The trial of the matrimonial action was conducted during February and March 1987 before Honorable Miriam J. Altman, Justice, Supreme Court of the State of New York, County of New York.

On March 6, 1987, two days after the conclusion of the trial, Justice Altman rendered an order (the "March 6, 1987 Order") which, inter alia, appointed a Receiver and directed that he sell three properties owned by the parties, namely Apartment 9F at 35 East 85th Street, City and State of New York (the "85th Street Apartment"); Apartment 11A at 55 East 86th Street, City and State of New York (the "86th Street Apartment"); and the building at 1449 Lexington Avenue, City and State of New York ("1449 Lexington Avenue"). Debtor was the exclusive owner in fee of the 86th Street Apartment and was also the exclusive owner of the stock and had exclusive rights in the proprietary lease appurtenant thereto respecting the 85th Street Apartment.

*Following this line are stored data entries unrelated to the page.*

(* Let $n\ge 1$ and $0\leq k\leq \lfloor (n-1)/2\rfloor$. Let $H_k$ be the graph with vertex set $\{u_1,\dots,u_n,v_1,\dots,v_n\}$ whose edges are: $u_iv_i$ for all $1\le i\le n$; for each $1\le t\le k$, the edges $u_{2t-1}u_{2t}$ and $v_{2t-1}v_{2t}$; and for every other pair $i<j$ (i.e. $\{i,j\}\neq\{2t-1,2t\}$ for all $t\le k$), the edges $u_iv_j$ and $v_iu_j$. Then $f(H_k)=n-k-1$. In particular, for $k=\lfloor (n-1)/2\rfloor$, $f(H_k)=\lfloor n/2\rfloor$, while $F(H_k)=n-1$.
   Context: All graphs are finite and simple. For a perfect matching $M$ of $G$, a forcing set of $M$ is a subset $S\subseteq M$ contained in no other perfect matching of $G$; $f(G,M)$ is the minimum size of a forcing set of $M$. $f(G)$ and $F(G)$ are the minimum and maximum of $f(G,M)$ over all perfect matchings $M$ of $G$. *)

theory Defs
  imports Main
begin

text \<open>A finite simple graph is given by a vertex set V and an edge set E of
two-element subsets of V.\<close>

definition perfect_matching :: "'a set \<Rightarrow> 'a set set \<Rightarrow> 'a set set \<Rightarrow> bool" where
  "perfect_matching V E M \<longleftrightarrow> M \<subseteq> E \<and> (\<forall>x\<in>V. \<exists>!e. e \<in> M \<and> x \<in> e)"

definition forcing_set :: "'a set \<Rightarrow> 'a set set \<Rightarrow> 'a set set \<Rightarrow> 'a set set \<Rightarrow> bool" where
  "forcing_set V E M S \<longleftrightarrow> S \<subseteq> M \<and>
     (\<forall>M'. perfect_matching V E M' \<and> S \<subseteq> M' \<longrightarrow> M' = M)"

definition forcing_number :: "'a set \<Rightarrow> 'a set set \<Rightarrow> 'a set set \<Rightarrow> nat" where
  "forcing_number V E M = (LEAST c. \<exists>S. forcing_set V E M S \<and> card S = c)"

text \<open>f(G) and F(G): minimum and maximum forcing numbers over all perfect matchings.\<close>
definition min_forcing_number :: "'a set \<Rightarrow> 'a set set \<Rightarrow> nat" where
  "min_forcing_number V E = Min {forcing_number V E M | M. perfect_matching V E M}"

definition max_forcing_number :: "'a set \<Rightarrow> 'a set set \<Rightarrow> nat" where
  "max_forcing_number V E = Max {forcing_number V E M | M. perfect_matching V E M}"

text \<open>The graph H_k on vertices u_1..u_n, v_1..v_n; u_i is (False, i), v_i is (True, i).\<close>
definition H_verts :: "nat \<Rightarrow> (bool \<times> nat) set" where
  "H_verts n = UNIV \<times> {1..n}"

definition H_paired :: "nat \<Rightarrow> nat \<Rightarrow> nat \<Rightarrow> bool" where
  "H_paired k i j \<longleftrightarrow> (\<exists>t. 1 \<le> t \<and> t \<le> k \<and> i = 2*t - 1 \<and> j = 2*t)"

definition H_edges :: "nat \<Rightarrow> nat \<Rightarrow> (bool \<times> nat) set set" where
  "H_edges n k =
     {{(False, i), (True, i)} | i. 1 \<le> i \<and> i \<le> n}
   \<union> {{(False, 2*t - 1), (False, 2*t)} | t. 1 \<le> t \<and> t \<le> k}
   \<union> {{(True, 2*t - 1), (True, 2*t)} | t. 1 \<le> t \<and> t \<le> k}
   \<union> {{(False, i), (True, j)} | i j. 1 \<le> i \<and> i < j \<and> j \<le> n \<and> \<not> H_paired k i j}
   \<union> {{(True, i), (False, j)} | i j. 1 \<le> i \<and> i < j \<and> j \<le> n \<and> \<not> H_paired k i j}"

end

theory Submission
  imports Defs
begin

(* Two edges e, f of a perfect matching M that lie on an M-alternating 4-cycle can be exchanged
   for the other two edges of the cycle, so every forcing set of M meets {e, f}.  Hence
   f(H_k, M) >= n - k - 1 for every M as soon as every set T of pairwise non-switchable edges of
   M has at most k + 1 elements.  Two edges lying inside opposite sides are always switchable, so
   T has no edge inside one of the sides.  The edges of T inside the other side fill distinct
   blocks {2t-1, 2t}.  For two cross edges of T one of the two crossing edges between them must
   be missing, which only happens between the two indices of a block; counting these missing
   edges shows that there is at most one cross edge more than there are blocks touched by the
   missing edges, and those blocks contain no side edge of T.
   The bound is attained by the matching that joins the two vertices of every block on both
   sides and u_i to v_i otherwise: it is forced by its k block edges on the u-side and its edges
   u_i v_i with i > 2k + 1.  In the matching {u_i v_i | i} any two edges are switchable, so its
   forcing number is n - 1, the largest possible value. *)

section \<open>Perfect matchings and forcing sets\<close>

definition simple_graph :: "'a set \<Rightarrow> 'a set set \<Rightarrow> bool" where
  "simple_graph V E \<longleftrightarrow> (\<forall>e\<in>E. \<exists>x y. e = {x,y} \<and> x \<noteq> y \<and> x \<in> V \<and> y \<in> V)"

text \<open>The edges e and f lie on the alternating 4-cycle e, {x,y}, f, {x',y'}.\<close>
definition switchable :: "'a set set \<Rightarrow> 'a set \<Rightarrow> 'a set \<Rightarrow> bool" where
  "switchable E e f \<longleftrightarrow> (\<exists>x x' y y'. e = {x,x'} \<and> f = {y,y'} \<and> {x,y} \<in> E \<and> {x',y'} \<in> E)"

lemma switchableI: "e = {x,x'} \<Longrightarrow> f = {y,y'} \<Longrightarrow> {x,y} \<in> E \<Longrightarrow> {x',y'} \<in> E \<Longrightarrow> switchable E e f"
  unfolding switchable_def by blast

lemma perfect_matching_unique:
  assumes "perfect_matching V E M" "z \<in> V" "e \<in> M" "f \<in> M" "z \<in> e" "z \<in> f"
  shows "e = f"
proof -
  have "\<exists>!g. g \<in> M \<and> z \<in> g" using assms(1,2) unfolding perfect_matching_def by simp
  then show ?thesis using assms(3-6) by metis
qed

lemma perfect_matching_cover:
  assumes "perfect_matching V E M" "z \<in> V"
  obtains e where "e \<in> M" "z \<in> e"
  using assms unfolding perfect_matching_def by metis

The March 6, 1987 Order was appealed only as to the sale of 1449 Lexington Avenue; the March 6, 1987 Order was subsequently affirmed.

On June 30, 1987, the Receiver made a motion for an order directing the Debtor to vacate 1449 Lexington Avenue. The determination of said motion was delayed as a result of the filing of the debtor's chapter 11 petition on July 1, 1987.

The State Court was permitted to render a decision and judgment on all issues then sub judice pursuant to a stipulation reached by the parties to the bankruptcy proceeding in open court before Judge Brozman, sitting in this Court's absence, and "So Ordered" on July 29, 1987. Among the issues sub judice was the nature and extent of each party's respective interest in the 85th and 86th Street Apartments.

Justice Altman rendered the trial decision on April 28, 1988 (the "Decision"). Thereafter, the substance of the Decision was embodied in Findings of Fact and Conclusions of Law and the Divorce Judgment which were dated August 3, 1988 and entered August 23, 1988.

The Divorce Judgment, as far as this Court is concerned, declared the defendant spouse to be the sole owner of the 85th Street Apartment and to be the owner of a fifty (50%) percent interest in the 86th Street Apartment, among other relief.

By order of this Court dated November 16, 1988, debtor's case was converted to a case under Chapter 7 of the Bankruptcy Code. Plaintiff was appointed successor trustee of the Estate of the debtor on February 7, 1989, pursuant to § 703(b) of the Bankruptcy Code.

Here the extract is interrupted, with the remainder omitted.